HIDが「2026年版 セキュリティ産業の現状レポート」を公開。1,500名を超えるセキュリティ・IT担当者、エンドユーザー、当社のパートナーへの調査をまとめた7つの最新トレンドで、セキュリティが新しい段階に進んでいることを明らかにした。
アクセスにおいて物理とデジタルの分離は解消され、ID管理、モバイルクレデンシャル(認証情報)、生体認証、リアルタイム位置情報サービス(RTLS)とRFIDは、もはや個別のツールという位置付けではなく、むしろ、統合された戦略を成すつながった階層であるとの認識が進んでいる。
米国テキサス州オースティン 2026年3月24日 - 信頼の ID ソリューションで世界をリードする HIDはこのたび、「2026年版 セキュリティ産業の現状レポート」を公開し、世界中の企業や組織によるID管理のアプローチの根本的な再編とその取り組みを明らかにしました。

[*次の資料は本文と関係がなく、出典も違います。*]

(* Let $q\ge2$, $n\ge2$, $X=\{0,\ldots,q-1\}$, and let $\mathcal{L}=\{L_1,\ldots,L_k\}$ be a partition of $X^n$ with respect to which the Insect Markov chain on $X^n$ is lumpable. For each $i$ let $L_i'\subseteq X^{n-1}$ be the set of words obtained by deleting the last letter from the elements of $L_i$, and let $\mathcal{L}'=\{L_1',\ldots,L_h'\}$ be the collection of distinct sets among $L_1',\dots,L_k'$ (which is a partition of $X^{n-1}$). Then the Insect Markov chain on $X^{n-1}$ is lumpable with respect to $\mathcal{L}'$.
   Context: For $m\ge1$ and $x,y\in X^m$, $d(x,y)=m-\max\{\ell\in\{0,\ldots,m\}: x_1\cdots x_\ell=y_1\cdots y_\ell\}$. The Insect Markov chain on $X^m$: set $\alpha_j=\frac{q^j-1}{q^{j+1}-1}$ for $1\le j\le m-1$, $\alpha_m=0$; transition probabilities are $p(x,y)=q^{-1}(1-\alpha_1)+\sum_{i=2}^mq^{-i}\alpha_1\cdots\alpha_{i-1}(1-\alpha_i)$ if $d(x,y)\in\{0,1\}$, and $p(x,y)=\sum_{i=j}^mq^{-i}\alpha_1\cdots\alpha_{i-1}(1-\alpha_i)$ if $d(x,y)=j>1$. A chain is lumpable with respect to a partition if for all parts $L,L'$ the map $x\mapsto\sum_{y\in L'}p(x,y)$ is constant on $L$. *)

theory Defs
  imports Complex_Main "HOL-Library.Disjoint_Sets"
begin

definition words :: "nat \<Rightarrow> nat \<Rightarrow> nat list set" where
  "words q m = {w. length w = m \<and> set w \<subseteq> {..<q}}"

definition insect_dist :: "nat \<Rightarrow> nat list \<Rightarrow> nat list \<Rightarrow> nat" where
  "insect_dist m x y = m - Max {l. l \<le> m \<and> take l x = take l y}"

1,500名を超えるセキュリティ・IT担当者、エンドユーザー、当社のパートナーの洞察に基づくこの調査からは、セキュリティ責任者は物理およびデジタル環境の統合がさらに進む中、信頼を構築し、保護を強化し、ユーザーの選択を維持したID管理方法に注力していることが示されました。
HID、シニアバイスプレジデント兼CTO(最高技術責任者)のRamesh Songukrishnasamyは「セキュリティ責任者はアクセスとIDインフラを現代化するという圧力にさらされていることは明らかです。しかしながら当社の調査によると、その取り組みと同じ姿勢で、持続的な信頼を築くガバナンス、保護、透明性に注力していることが示されました。2026年に成功する企業や組織は、ステークホルダーに意味のある選択肢を提供し、同時に堅牢なセキュリティを維持できる者でしょう」とコメントしました。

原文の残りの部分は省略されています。